Jeez, if you think the P50s are stiff..... heh! Mantra has that same stiff beefy Volkl feel. Nhski does well on it and raves about it and uses it as a touring ski. My experience was a little different. Definitely more of a front side/side country ski than a great touring ski due to weight. Great in powder but not its forte. Good jack of all trade ski, thus good for front side and side country. Not trying to sway you but I was surprised to read you were set on that ski for touring. But what works for one person may not work for another. I almost bought a pair last season but was glad I demoed first. I may notice subtleties in skis more and have more concern about performance characteristics though.


----------



## ALLSKIING (Oct 18, 2007)

Greg said:


> Also getting my daughter's new 80 cm Rossi Fun Girls all mounted up too.


Those are bump skies right?


:razz:


----------



## Marc (Oct 18, 2007)

riverc0il said:


> Jeez, if you think the P50s are stiff..... heh! Mantra has that same stiff beefy Volkl feel. Nhski does well on it and raves about it and uses it as a touring ski. My experience was a little different. Definitely more of a front side/side country ski than a great touring ski due to weight. Great in powder but not its forte. Good jack of all trade ski, thus good for front side and side country. Not trying to sway you but I was surprised to read you were set on that ski for touring. But what works for one person may not work for another. I almost bought a pair last season but was glad I demoed first. I may notice subtleties in skis more and have more concern about performance characteristics though.

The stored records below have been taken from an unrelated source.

definition ideal_mult :: "'a::comm_ring_1 set \<Rightarrow> 'a set \<Rightarrow> 'a set" where
  "ideal_mult I J = ideal_gen {a * b | a b. a \<in> I \<and> b \<in> J}"

fun ideal_pow :: "'a::comm_ring_1 set \<Rightarrow> nat \<Rightarrow> 'a set" where
  "ideal_pow I 0 = UNIV"
| "ideal_pow I (Suc n) = ideal_mult I (ideal_pow I n)"

definition ideal_prod :: "('i \<Rightarrow> 'a::comm_ring_1 set) \<Rightarrow> 'i set \<Rightarrow> 'a set" where
  "ideal_prod J A = ideal_gen {(\<Prod>i\<in>A. a i) | a. \<forall>i\<in>A. a i \<in> J i}"

definition multi_pow :: "('i::finite \<Rightarrow> 'j \<Rightarrow> 'a::comm_ring_1 set) \<Rightarrow> 'j \<Rightarrow> ('i \<Rightarrow>\<^sub>0 nat) \<Rightarrow> 'a set" where
  "multi_pow F j n = ideal_prod (\<lambda>i. ideal_pow (F i j) (Poly_Mapping.lookup n i)) UNIV"

(* The algebra \<Oplus>_n (\<Inter>_j F_j^n) t^n inside R[t_i : i], elements of R[t] being
  polynomials in the variables t indexed by 'i with coefficients in R. *)
definition rees_alg :: "('i::finite \<Rightarrow> 'j \<Rightarrow> ('v, 'k::field) mpoly set)
     \<Rightarrow> (('i \<Rightarrow>\<^sub>0 nat) \<Rightarrow>\<^sub>0 ('v, 'k) mpoly) set" where
  "rees_alg F = {f. \<forall>n. Poly_Mapping.lookup f n \<in> (\<Inter>j. multi_pow F j n)}"

definition sub_ring_struct :: "'a::comm_ring_1 set \<Rightarrow> 'a ring" where
  "sub_ring_struct A = \<lparr>carrier = A, monoid.mult = (*), one = 1, zero = 0, add = (+)\<rparr>"

end

theory Submission
  imports Defs
    "HOL-Library.Set_Algebras" "HOL-Library.Product_Plus" "HOL-Library.Function_Algebras"
    "HOL-Library.Multiset_Order" "HOL-Library.Countable"
begin

(* Each F_ij is spanned by the monomials X^a with a in an upper set G_ij + \<nat>^d, where G_ij can be
   taken finite by Dickson's lemma. Products of such ideals are of the same form, so the algebra is
   the monoid ring K[S] of S = {(n, a). \<forall>j. a \<in> \<Sum>_i n_i G_ij + \<nat>^d} \<subseteq> \<nat>^r \<times> \<nat>^d.
   S is the image, under an additive projection, of the natural solutions of a homogeneous linear
   system. These are closed under differences of comparable solutions, so Dickson's lemma shows
   that every E \<subseteq> S satisfies E \<subseteq> B + S for some finite B \<subseteq> E. For a monomial order, the
   leading exponents of an ideal of K[S] form a subset of S closed under + S, and ideals I \<subseteq> J
   with the same leading exponents coincide; hence ascending chains of ideals stabilise. *)

abbreviation lookup :: "('a \<Rightarrow>\<^sub>0 'b::zero) \<Rightarrow> 'a \<Rightarrow> 'b" where
  "lookup \<equiv> Poly_Mapping.lookup"

abbreviation keys :: "('a \<Rightarrow>\<^sub>0 'b::zero) \<Rightarrow> 'a set" where
  "keys \<equiv> Poly_Mapping.keys"

section \<open>Monomial ideals\<close>

lemma ideal_gen_add:
  assumes "x \<in> ideal_gen S" and "y \<in> ideal_gen S"
  shows "x + y \<in> ideal_gen S"
proof -
  obtain T c where T: "finite T" "T \<subseteq> S" "x = (\<Sum>s\<in>T. c s * s)"
    using assms(1) unfolding ideal_gen_def by blast
  obtain U d where U: "finite U" "U \<subseteq> S" "y = (\<Sum>s\<in>U. d s * s)"
    using assms(2) unfolding ideal_gen_def by blast
  define c' where "c' s = (if s \<in> T then c s else 0)" for s
  define d' where "d' s = (if s \<in> U then d s else 0)" for s
  have "x = (\<Sum>s\<in>T \<union> U. c' s * s)"
    unfolding T(3) using T U by (intro sum.mono_neutral_cong_left) (auto simp: c'_def)
  moreover have "y = (\<Sum>s\<in>T \<union> U. d' s * s)"
    unfolding U(3) using T U by (intro sum.mono_neutral_cong_left) (auto simp: d'_def)
  ultimately
  have "x + y = (\<Sum>s\<in>T \<union> U. (c' s + d' s) * s)"
    by (simp only: sum.distrib distrib_right)
  then show ?thesis
    using T U unfolding ideal_gen_def
    by (intro CollectI exI[of _ "T \<union> U"] exI[of _ "\<lambda>s. c' s + d' s"]) auto
qed

lemma ideal_gen_mult:
  assumes "x \<in> ideal_gen S"
  shows "r * x \<in> ideal_gen S"
proof -
  obtain T c where T: "finite T" "T \<subseteq> S" "x = (\<Sum>s\<in>T. c s * s)"
    using assms unfolding ideal_gen_def by blast
  then have "r * x = (\<Sum>s\<in>T. (r * c s) * s)"
    by (simp add: sum_distrib_left mult.assoc)
  then show ?thesis
    using T unfolding ideal_gen_def by (intro CollectI exI[of _ T] exI[of _ "\<lambda>s. r * c s"]) auto
qed

lemma is_ideal_ideal_gen: "is_ideal (ideal_gen S)"
proof -
  have "0 \<in> ideal_gen S"
    unfolding ideal_gen_def by (auto intro!: exI[of _ "{}"])
  then show ?thesis
    unfolding is_ideal_def by (blast intro: ideal_gen_add ideal_gen_mult)
qed

lemma ideal_gen_base: "s \<in> S \<Longrightarrow> s \<in> ideal_gen S"
  unfolding ideal_gen_def by (auto intro!: exI[of _ "{s}"] exI[of _ "\<lambda>_. 1"])

lemma is_ideal_sum:
  assumes "is_ideal I" and "\<And>x. x \<in> X \<Longrightarrow> f x \<in> I"
  shows "sum f X \<in> I"
  using assms(2)
  by (induction X rule: infinite_finite_induct) (use assms(1) in \<open>auto simp: is_ideal_def\<close>)

lemma ideal_gen_least:
  assumes "is_ideal I" and "S \<subseteq> I"
  shows "ideal_gen S \<subseteq> I"
proof
  fix x assume "x \<in> ideal_gen S"
  then obtain T c where "T \<subseteq> S" "x = (\<Sum>s\<in>T. c s * s)"
    unfolding ideal_gen_def by blast
  with assms show "x \<in> I"
    by (auto intro!: is_ideal_sum simp: is_ideal_def)
qed

definition exponent_ideal :: "'m::comm_monoid_add set \<Rightarrow> ('m \<Rightarrow>\<^sub>0 'k::comm_ring_1) set" where
  "exponent_ideal M = {p. keys p \<subseteq> M + UNIV}"

lemma UNIV_plus_UNIV [simp]: "UNIV + UNIV = (UNIV :: 'm::comm_monoid_add set)"
  using set_plus_intro[of _ UNIV 0 UNIV] by fastforce

lemma keys_mult_subset: "keys (p * q) \<subseteq> keys p + keys q"
  using keys_mult[of p q] unfolding set_plus_def by blast

lemma keys_prod_subset:
  "keys (\<Prod>i\<in>X. a i :: 'm::comm_monoid_add \<Rightarrow>\<^sub>0 'k::comm_ring_1) \<subseteq> (\<Sum>i\<in>X. keys (a i))"
proof (induction X rule: infinite_finite_induct)
  case (insert x X)
  have "keys (a x * (\<Prod>i\<in>X. a i)) \<subseteq> keys (a x) + (\<Sum>i\<in>X. keys (a i))"
    using keys_mult_subset set_plus_mono2[OF order_refl insert.IH] by (rule order_trans)
  with insert.hyps show ?case
    by simp
qed auto

lemma upper_set_plus_left: "UNIV + (M + UNIV) = M + (UNIV :: 'm::comm_monoid_add set)"
  by (metis UNIV_plus_UNIV add.left_commute)

lemma upper_set_plus: "(A + UNIV) + (B + UNIV) = A + B + (UNIV :: 'm::comm_monoid_add set)"
  by (metis UNIV_plus_UNIV add.assoc add.commute)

Yeah, I'm kinda blunt that way.  The only place I'd really notice something would be a lot of weight if I had to slog it around for long hours on end.


----------



## Marc (Oct 18, 2007)

Also, while compared to some skis I suppose my Volkl's aren't extraordinarily stiff, however remember mine are the F1 Energy, I believe you had the P50 Motion?  I think the F1 Energy was more or less the stiffest ski in their line that year...


----------